**WORK TO BE COMPLETED:**
Each line below with the string "symmetric" should be copied.

Dataset entries

lemma degree_le_if_poly_eq_reflected:
  fixes P R :: "complex poly"
  assumes "\<And>t. t \<noteq> 0 \<Longrightarrow> poly P t = t ^ d * poly R (inverse t)"
  shows "degree R \<le> d"
proof (rule ccontr)
  assume "\<not> degree R \<le> d"
  then have less: "d < degree R" by simp
  have "monom 1 (degree R) * P = monom 1 d * reflect_poly R"
  proof (rule poly_eqI_nonzero)
    fix t :: complex
    assume "t \<noteq> 0"
    then have "poly (monom 1 (degree R) * P) t = t ^ d * (t ^ degree R * poly R (inverse t))"
      using assms by (simp add: poly_monom)
    also have "\<dots> = poly (monom 1 d * reflect_poly R) t"
      using \<open>t \<noteq> 0\<close> by (simp add: poly_monom poly_reflect_poly_nz)
    finally show "poly (monom 1 (degree R) * P) t = poly (monom 1 d * reflect_poly R) t" .
  qed
  then have "coeff (monom 1 (degree R) * P) d = coeff (monom 1 d * reflect_poly R) d"
    by simp
  then have "lead_coeff R = 0"
    using less by (simp add: coeff_monom_mult coeff_reflect_poly)
  with less show False by simp
qed

lemma homogeneous_along_line:
  assumes "homogeneous_of_degree n d F"
  obtains P where "\<And>t. F (\<lambda>k. x k + t * v k) = poly P t" and "degree P \<le> d"
    and "\<And>s. s \<noteq> 0 \<Longrightarrow> F (\<lambda>k. v k + s * x k) = s ^ d * poly P (inverse s)"
proof -
  have F: "F \<in> polyfun n" "\<And>c y. F (smul c y) = c ^ d * F y"
    using assms unfolding homogeneous_of_degree_def by auto
  obtain P where P: "\<And>t. F (\<lambda>k. x k + t * v k) = poly P t"
    using polyfun_along_line[OF F(1)] by blast
  obtain R where R: "\<And>s. F (\<lambda>k. v k + s * x k) = poly R s"
    using polyfun_along_line[OF F(1)] by blast
  have reflected: "F (\<lambda>k. v k + s * x k) = s ^ d * poly P (inverse s)" if "s \<noteq> 0" for s
  proof -
    have "(\<lambda>k. v k + s * x k) = smul s (\<lambda>k. x k + inverse s * v k)"
      using that by (auto simp: smul_def field_simps)
    then show ?thesis
      using F(2) P by simp
  qed
  have "degree P \<le> d"
    by (rule degree_le_if_poly_eq_reflected[of R]) (use R reflected in simp)
  with P reflected show ?thesis
    using that by blast
qed

definition hessian :: "((nat \<Rightarrow> complex) \<Rightarrow> complex) \<Rightarrow> (nat \<Rightarrow> complex) \<Rightarrow> nat \<Rightarrow> nat \<Rightarrow> complex"
  where "hessian F p a b = pdiff b (pdiff a F) p"

definition bilinear_form ::
  "nat \<Rightarrow> (nat \<Rightarrow> nat \<Rightarrow> complex) \<Rightarrow> (nat \<Rightarrow> complex) \<Rightarrow> (nat \<Rightarrow> complex) \<Rightarrow> complex"
  where "bilinear_form n H x y = (\<Sum>a<n. \<Sum>b<n. H a b * x a * y b)"
lemma critical_vol_fun_iff:
  assumes "w0 \<in> interior (tcone v)" and "canonical_weight v \<bullet> w0 = 1"
  shows "critical_on_hyperplane (vol_fun v) (interior (tcone v)) (canonical_weight v) w0
         \<longleftrightarrow> (\<forall>i j. du i \<bullet> w0 = du j \<bullet> w0)"
proof -
  obtain K where "K > 0"
    and vol: "\<And>w. w \<in> interior (tcone v) \<Longrightarrow> vol_fun v w = K * (\<Prod>j\<in>UNIV. inverse (du j \<bullet> w))"
    using vol_fun_eq by blast
  let ?P = "\<Prod>j\<in>UNIV. inverse (du j \<bullet> w0)"
  have t: "0 < du j \<bullet> w0" for j
    using assms(1) by (simp add: interior_tcone_eq)
  then have "?P > 0" and t_nz: "du j \<bullet> w0 \<noteq> 0" for j
    by (simp_all add: prod_pos less_imp_neq[symmetric])
  have "((\<lambda>w. K * (\<Prod>j\<in>UNIV. inverse (du j \<bullet> w))) has_derivative
      (\<lambda>h. K * (- ?P * (\<Sum>i\<in>UNIV. (du i \<bullet> h) / (du i \<bullet> w0))))) (at w0)"
    using t_nz by (intro has_derivative_mult_right has_derivative_prod_inverse_inner) auto
  from critical_on_hyperplane_iff[OF open_interior assms this vol]
  have "critical_on_hyperplane (vol_fun v) (interior (tcone v)) (canonical_weight v) w0
      \<longleftrightarrow> (\<forall>h. canonical_weight v \<bullet> h = 0 \<longrightarrow> K * (- ?P * (\<Sum>i\<in>UNIV. (du i \<bullet> h) / (du i \<bullet> w0))) = 0)" .
  also have "\<dots> \<longleftrightarrow> (\<forall>h. canonical_weight v \<bullet> h = 0 \<longrightarrow> (\<Sum>i\<in>UNIV. (du i \<bullet> h) / (du i \<bullet> w0)) = 0)"
    using \<open>K > 0\<close> \<open>?P > 0\<close> t_nz by simp
  also have "\<dots> \<longleftrightarrow> (\<forall>y. sum y UNIV = 0 \<longrightarrow> (\<Sum>i\<in>UNIV. y i / (du i \<bullet> w0)) = 0)"
    by (rule zero_sum_coordinates_iff)
  also have "\<dots> \<longleftrightarrow> (\<forall>i j. du i \<bullet> w0 = du j \<bullet> w0)"
    using t_nz by (simp add: sum_divide_vanishes_on_zero_sum_iff)
  finally show ?thesis .
qed

lemma K_stable_iff:
  assumes "\<xi> \<in> interior (tcone v)"
  shows "K_stable v \<xi> \<longleftrightarrow> (\<forall>i j. du i \<bullet> \<xi> = du j \<bullet> \<xi>)"
proof -
  define s where "s = canonical_weight v \<bullet> \<xi>"
  define w0 where "w0 = (1 / s) *\<^sub>R \<xi>"
  have pos: "0 < du j \<bullet> \<xi>" for j
    using assms by (simp add: interior_tcone_eq)
  then have "s > 0"
    unfolding s_def inner_canonical_weight by (simp add: sum_pos)
  with pos have "w0 \<in> interior (tcone v)" and "canonical_weight v \<bullet> w0 = 1"
    by (simp_all add: w0_def interior_tcone_eq s_def[symmetric])
  have "K_stable v \<xi> \<longleftrightarrow>
      critical_on_hyperplane (vol_fun v) (interior (tcone v)) (canonical_weight v) w0"
    by (simp add: K_stable_def Let_def w0_def s_def)
  also have "\<dots> \<longleftrightarrow> (\<forall>i j. du i \<bullet> w0 = du j \<bullet> w0)"
    by (rule critical_vol_fun_iff) fact+
  also have "\<dots> \<longleftrightarrow> (\<forall>i j. du i \<bullet> \<xi> = du j \<bullet> \<xi>)"
    using \<open>s > 0\<close> by (simp add: w0_def)
  finally show ?thesis .
qed

lemma eq_scaleR_sum_iff:
  assumes "\<xi> \<in> interior (tcone v)"
  shows "(\<exists>c>0. \<xi> = c *\<^sub>R (\<Sum>i\<in>UNIV. v i)) \<longleftrightarrow> (\<forall>i j. du i \<bullet> \<xi> = du j \<bullet> \<xi>)"
proof
  assume "\<exists>c>0. \<xi> = c *\<^sub>R (\<Sum>i\<in>UNIV. v i)"
  then obtain c where "\<xi> = (\<Sum>i\<in>UNIV. c *\<^sub>R v i)"
    by (auto simp: scaleR_sum_right)
  then have "du i \<bullet> \<xi> = c" for i
    by (simp add: inner_sum_coordinates)
  then show "\<forall>i j. du i \<bullet> \<xi> = du j \<bullet> \<xi>"
    by simp
next
  fix k :: 'n
  assume "\<forall>i j. du i \<bullet> \<xi> = du j \<bullet> \<xi>"
  then have eq: "(du j \<bullet> \<xi>) *\<^sub>R v j = (du k \<bullet> \<xi>) *\<^sub>R v j" for j
    by metis
  have "\<xi> = (\<Sum>j\<in>UNIV. (du j \<bullet> \<xi>) *\<^sub>R v j)"
    by (rule expand)
  also have "\<dots> = (\<Sum>j\<in>UNIV. (du k \<bullet> \<xi>) *\<^sub>R v j)"
    by (intro sum.cong refl eq)
  finally have "\<xi> = (\<Sum>j\<in>UNIV. (du k \<bullet> \<xi>) *\<^sub>R v j)" .
  moreover have "du k \<bullet> \<xi> > 0"
    using assms by (simp add: interior_tcone_eq)
  ultimately show "\<exists>c>0. \<xi> = c *\<^sub>R (\<Sum>i\<in>UNIV. v i)"
    by (auto simp: scaleR_sum_right)
qed

end

lemma rational_vec_sum_lattice:
  assumes "\<And>i. i \<in> I \<Longrightarrow> lattice_vec (x i)"
  shows "rational_vec (\<Sum>i\<in>I. x i)"
  unfolding rational_vec_def
proof
  fix k
  have "(\<Sum>i\<in>I. x i $ k) \<in> \<int>"
    using assms by (intro Ints_sum) (simp add: lattice_vec_def)
  then show "(\<Sum>i\<in>I. x i) $ k \<in> \<rat>"
    using Ints_subset_Rats by auto
qed

theorem mainTheorem5:
  fixes v :: "'n \<Rightarrow> real^'n" and \<xi> :: "real^'n"
  assumes indep: "\<And>a. (\<Sum>i\<in>UNIV. a i *\<^sub>R v i) = 0 \<Longrightarrow> (\<forall>i. a i = 0)"
    and prim: "\<And>i. primitive_vec (v i)"
    and xi: "\<xi> \<in> interior (tcone v)"
  shows "(K_stable v \<xi> \<longleftrightarrow> (\<exists>c>0. \<xi> = c *\<^sub>R (\<Sum>i\<in>UNIV. v i)))
         \<and> (K_stable v \<xi> \<longrightarrow> quasi_regular \<xi>)"
proof -
  obtain du where "\<And>i j. v i \<bullet> du j = (if i = j then 1 else 0)"
    and "\<And>w. w = (\<Sum>j\<in>UNIV. (du j \<bullet> w) *\<^sub>R v j)"
    using dual_basis_exists[OF indep] by blast
  then interpret dual_bases v du
    by unfold_locales
  have stable: "K_stable v \<xi> \<longleftrightarrow> (\<exists>c>0. \<xi> = c *\<^sub>R (\<Sum>i\<in>UNIV. v i))"
    using K_stable_iff[OF xi] eq_scaleR_sum_iff[OF xi] by simp
  have "rational_vec (\<Sum>i\<in>UNIV. v i)"
    using prim by (intro rational_vec_sum_lattice) (simp add: primitive_vec_def)
  then have "K_stable v \<xi> \<longrightarrow> quasi_regular \<xi>"
    using stable by (auto simp: quasi_regular_def)
  with stable show ?thesis
    by blast
qed
(* Let $\{\xi_j : j\in\mathbb{Z}\}$ be independent and identically distributed real random variables. Suppose $\xi_0$ has zero mean and finite positive variance, and that the moment generating function $t\mapsto \mathbb{E}[e^{t\xi_0}]$ of $\xi_0$ exists (is finite) on an open interval around zero. For $n\geq 1$ let $\mathcal{T}_n$ be the $n\times n$ random Toeplitz matrix whose $(i,j)$ entry is $\xi_{j-i}$ for $1\le i,j\le n$. Then there exist constants $C_0,C_1>0$ depending only on the distribution of $\xi_0$ such that \[ \mathbb{P}\left(\sigma_{\max}(\mathcal{T}_n)\geq C_0\left((2n)\log(2n)\right)^{1/2}\right)\leq \frac{C_1}{(2n)^2}. \]
   Context: $\sigma_{\max}(A)$ denotes the largest singular value of a matrix $A$, i.e. its operator norm $\max_{\|x\|_2=1}\|Ax\|_2$. *)

theory Defs
  imports "HOL-Probability.Probability"
begin

definition sigma_max :: "nat \<Rightarrow> (nat \<Rightarrow> nat \<Rightarrow> real) \<Rightarrow> real" where
  "sigma_max n A =
     (SUP x\<in>{x :: nat \<Rightarrow> real. (\<Sum>j<n. (x j)\<^sup>2) = 1}.
        sqrt (\<Sum>i<n. (\<Sum>j<n. A i j * x j)\<^sup>2))"

text \<open>Random Toeplitz matrix: entry (i,j) is xi (j - i) (0-based indices,
  equivalent to the 1-based convention).\<close>
definition toeplitz :: "(int \<Rightarrow> 'a \<Rightarrow> real) \<Rightarrow> 'a \<Rightarrow> nat \<Rightarrow> nat \<Rightarrow> real" where
  "toeplitz \<xi> \<omega> i j = \<xi> (int j - int i) \<omega>"

end

(* For a unit vector x with X(theta) = sum_j x_j e^(i j theta), the product of the symbol
   S(theta) = sum_(|l| < n) xi_l e^(i l theta) with the conjugate of X is the trigonometric polynomial
   of the correlation of xi and x, whose coefficients at 0, -1, ..., 1 - n are the entries of T_n x.
   The correlation lives on fewer than N = 3n points, so Parseval at the N-th roots of unity gives
   sigma_max(T_n) <= max_(k<N) |S(2 pi k / N)|.

   At each of these frequencies Re S and Im S are sums of 2n - 1 independent copies of xi_0 with
   weights in [-1, 1]. Zero mean and a finite mgf near 0 give E exp(u xi_0) <= exp(K u^2) for |u| <= d,
   and the Chernoff bound with u = sqrt(log m / m), m = 2n, shows that each of them exceeds
   (K + 3) sqrt(m log m) with probability at most 2 m^(-3). A union bound over the 2N events gives
   6 / m^2 as soon as u <= d; the finitely many remaining n are absorbed into C1. *)

theory Submission
  imports Defs "HOL-Library.Real_Mod"
begin
lemma bihomog_diff: "bihomog i j p \<Longrightarrow> bihomog i j q \<Longrightarrow> bihomog i j (p - q)"
  using bihomog_add[of i j p "- q"] by (simp add: bihomog_def)

lemma bihomog_sum: "(\<And>x. x \<in> S \<Longrightarrow> bihomog i j (f x)) \<Longrightarrow> bihomog i j (sum f S)"
  by (induction S rule: infinite_finite_induct) (auto intro: bihomog_add)

lemma bihomog_mult: "bihomog i j p \<Longrightarrow> bihomog i' j' q \<Longrightarrow> bihomog (i + i') (j + j') (p * q)"
  unfolding bihomog_def by (auto simp: xdeg_add ydeg_add dest!: subsetD[OF keys_mult])

lemma bihomog_pconst: "bihomog 0 0 (pconst c)"
  by (simp add: bihomog_def xdeg_def ydeg_def pconst_def)

lemma bihomog_power: "bihomog i j p \<Longrightarrow> bihomog (n * i) (n * j) (p ^ n)"
  by (induction n) (simp_all add: bihomog_pconst[of 1, simplified] bihomog_mult)

lemma bihomog_pvar [simp]:
  "bihomog 1 0 (pvar X1)" "bihomog 1 0 (pvar X2)" "bihomog 0 1 (pvar Y1)" "bihomog 0 1 (pvar Y2)"
  by (simp_all add: bihomog_def pvar_def xdeg_def ydeg_def lookup_single)

lemma bihomog_subst:
  assumes "bihomog 1 0 (\<sigma> X1)" "bihomog 1 0 (\<sigma> X2)" "bihomog 0 1 (\<sigma> Y1)" "bihomog 0 1 (\<sigma> Y2)"
    and "bihomog i j p"
  shows "bihomog i j (subst \<sigma> p)"
  unfolding subst_eq_sum
proof (rule bihomog_sum)
  fix m assume "m \<in> Poly_Mapping.keys p"
  then have ij: "xdeg m = i" "ydeg m = j"
    using assms(5) by (auto simp: bihomog_def)
  have "bihomog (Poly_Mapping.lookup m X1 * 1 + Poly_Mapping.lookup m X2 * 1 +
                 Poly_Mapping.lookup m Y1 * 0 + Poly_Mapping.lookup m Y2 * 0)
                (Poly_Mapping.lookup m X1 * 0 + Poly_Mapping.lookup m X2 * 0 +
                 Poly_Mapping.lookup m Y1 * 1 + Poly_Mapping.lookup m Y2 * 1)
          (eval_monom \<sigma> m)"
    unfolding eval_monom_expand by (intro bihomog_mult bihomog_power assms(1-4))
  then have "bihomog i j (eval_monom \<sigma> m)"
    using ij by (simp add: xdeg_def ydeg_def)
  then show "bihomog i j (pconst (Poly_Mapping.lookup p m) * eval_monom \<sigma> m)"
    using bihomog_mult[OF bihomog_pconst] by fastforce
qed

lemma lookup_eq_0_if_bihomog:
  assumes "bihomog i j p" "(xdeg m, ydeg m) \<noteq> (i, j)"
  shows "Poly_Mapping.lookup p m = 0"
  using assms by (auto simp: bihomog_def in_keys_iff)


definition const_free :: "poly4 \<Rightarrow> bool" where
  "const_free p \<longleftrightarrow> Poly_Mapping.lookup p 0 = 0"

lemma const_free_mult: "const_free p \<Longrightarrow> const_free (p * q)"
proof (rule ccontr)
  assume "const_free p" "\<not> const_free (p * q)"
  then have "0 \<in> Poly_Mapping.keys (p * q)"
    by (simp add: const_free_def in_keys_iff)
  then obtain a b where "0 = a + b" "a \<in> Poly_Mapping.keys p"
    using keys_mult[of p q] by blast
  then have "0 \<in> Poly_Mapping.keys p"
    by (metis add_cancel_right_left lookup_add lookup_zero poly_mapping_eqI zero_eq_add_iff_both_eq_0)
  then show False
    using \<open>const_free p\<close> by (simp add: const_free_def in_keys_iff)
qed

lemma const_free_mult_right: "const_free q \<Longrightarrow> const_free (p * q)"
  using const_free_mult[of q p] by (simp add: mult.commute)

lemma const_free_power: "const_free p \<Longrightarrow> n > 0 \<Longrightarrow> const_free (p ^ n)"
  by (cases n) (auto intro: const_free_mult)

lemma const_free_add: "const_free p \<Longrightarrow> const_free q \<Longrightarrow> const_free (p + q)"
  by (simp add: const_free_def lookup_add)

lemma const_free_smult: "const_free p \<Longrightarrow> const_free (pconst c * p)"
  by (simp add: const_free_def lookup_pconst_mult)

lemma const_free_eval_monom:
  assumes "\<And>v. const_free (\<sigma> v)" "m \<noteq> 0"
  shows "const_free (eval_monom \<sigma> m)"
proof -
  obtain v where v: "Poly_Mapping.lookup m v \<noteq> 0"
    using assms(2) by (metis poly_mapping_eqI lookup_zero)
  have "eval_monom \<sigma> m =
      \<sigma> v ^ Poly_Mapping.lookup m v * (\<Prod>u\<in>UNIV - {v}. \<sigma> u ^ Poly_Mapping.lookup m u)"
    unfolding eval_monom_UNIV by (rule prod.remove) auto
  then show ?thesis
    using v assms(1) by (simp add: const_free_mult const_free_power)
qed

lemma lookup_0_subst:
  assumes "\<And>v. const_free (\<sigma> v)"
  shows "Poly_Mapping.lookup (subst \<sigma> p) 0 = Poly_Mapping.lookup p 0"
proof -
  have "subst \<sigma> p = (\<Sum>m\<in>insert 0 (Poly_Mapping.keys p). pconst (Poly_Mapping.lookup p m) * eval_monom \<sigma> m)"
    by (rule subst_eq_sum_superset) auto
  then have "Poly_Mapping.lookup (subst \<sigma> p) 0 = (\<Sum>m\<in>insert 0 (Poly_Mapping.keys p).
      Poly_Mapping.lookup p m * Poly_Mapping.lookup (eval_monom \<sigma> m) 0)"
    by (simp add: lookup_sum lookup_pconst_mult)
  also have "\<dots> = Poly_Mapping.lookup p 0 * Poly_Mapping.lookup (eval_monom \<sigma> 0) 0"
    using const_free_eval_monom[OF assms]
    by (intro sum.mono_neutral_left[symmetric, where S = "{0}", simplified]) (auto simp: const_free_def)
  finally show ?thesis
    by simp
qed

lemma const_free_subst: "(\<And>v. const_free (\<sigma> v)) \<Longrightarrow> const_free p \<Longrightarrow> const_free (subst \<sigma> p)"
  by (simp add: const_free_def lookup_0_subst)


definition diag_scaling :: "(var \<Rightarrow> complex) \<Rightarrow> var \<Rightarrow> poly4" where
  "diag_scaling lam v = pconst (lam v) * pvar v"

lemma eval_monom_diag_scaling:
  "eval_monom (diag_scaling lam) m =
     pconst (\<Prod>v\<in>UNIV. lam v ^ Poly_Mapping.lookup m v) * Poly_Mapping.single m 1"
proof -
  have "eval_monom (diag_scaling lam) m =
      (\<Prod>v\<in>UNIV. pconst (lam v ^ Poly_Mapping.lookup m v) * pvar v ^ Poly_Mapping.lookup m v)"
    by (simp add: eval_monom_UNIV diag_scaling_def power_mult_distrib pconst_power)
  also have "\<dots> = pconst (\<Prod>v\<in>UNIV. lam v ^ Poly_Mapping.lookup m v) * eval_monom pvar m"
    by (simp add: prod.distrib pconst_prod eval_monom_UNIV)
  finally show ?thesis
    by (simp add: eval_monom_pvar)
qed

**YOUR RESPONSE:**
    by (simp_all add: prod_pos less_imp_neq[symmetric])
    by (simp_all add: w0_def interior_tcone_eq s_def[symmetric])
    by (intro sum.mono_neutral_left[symmetric, where S = "{0}", simplified]) (auto simp: const_free_def)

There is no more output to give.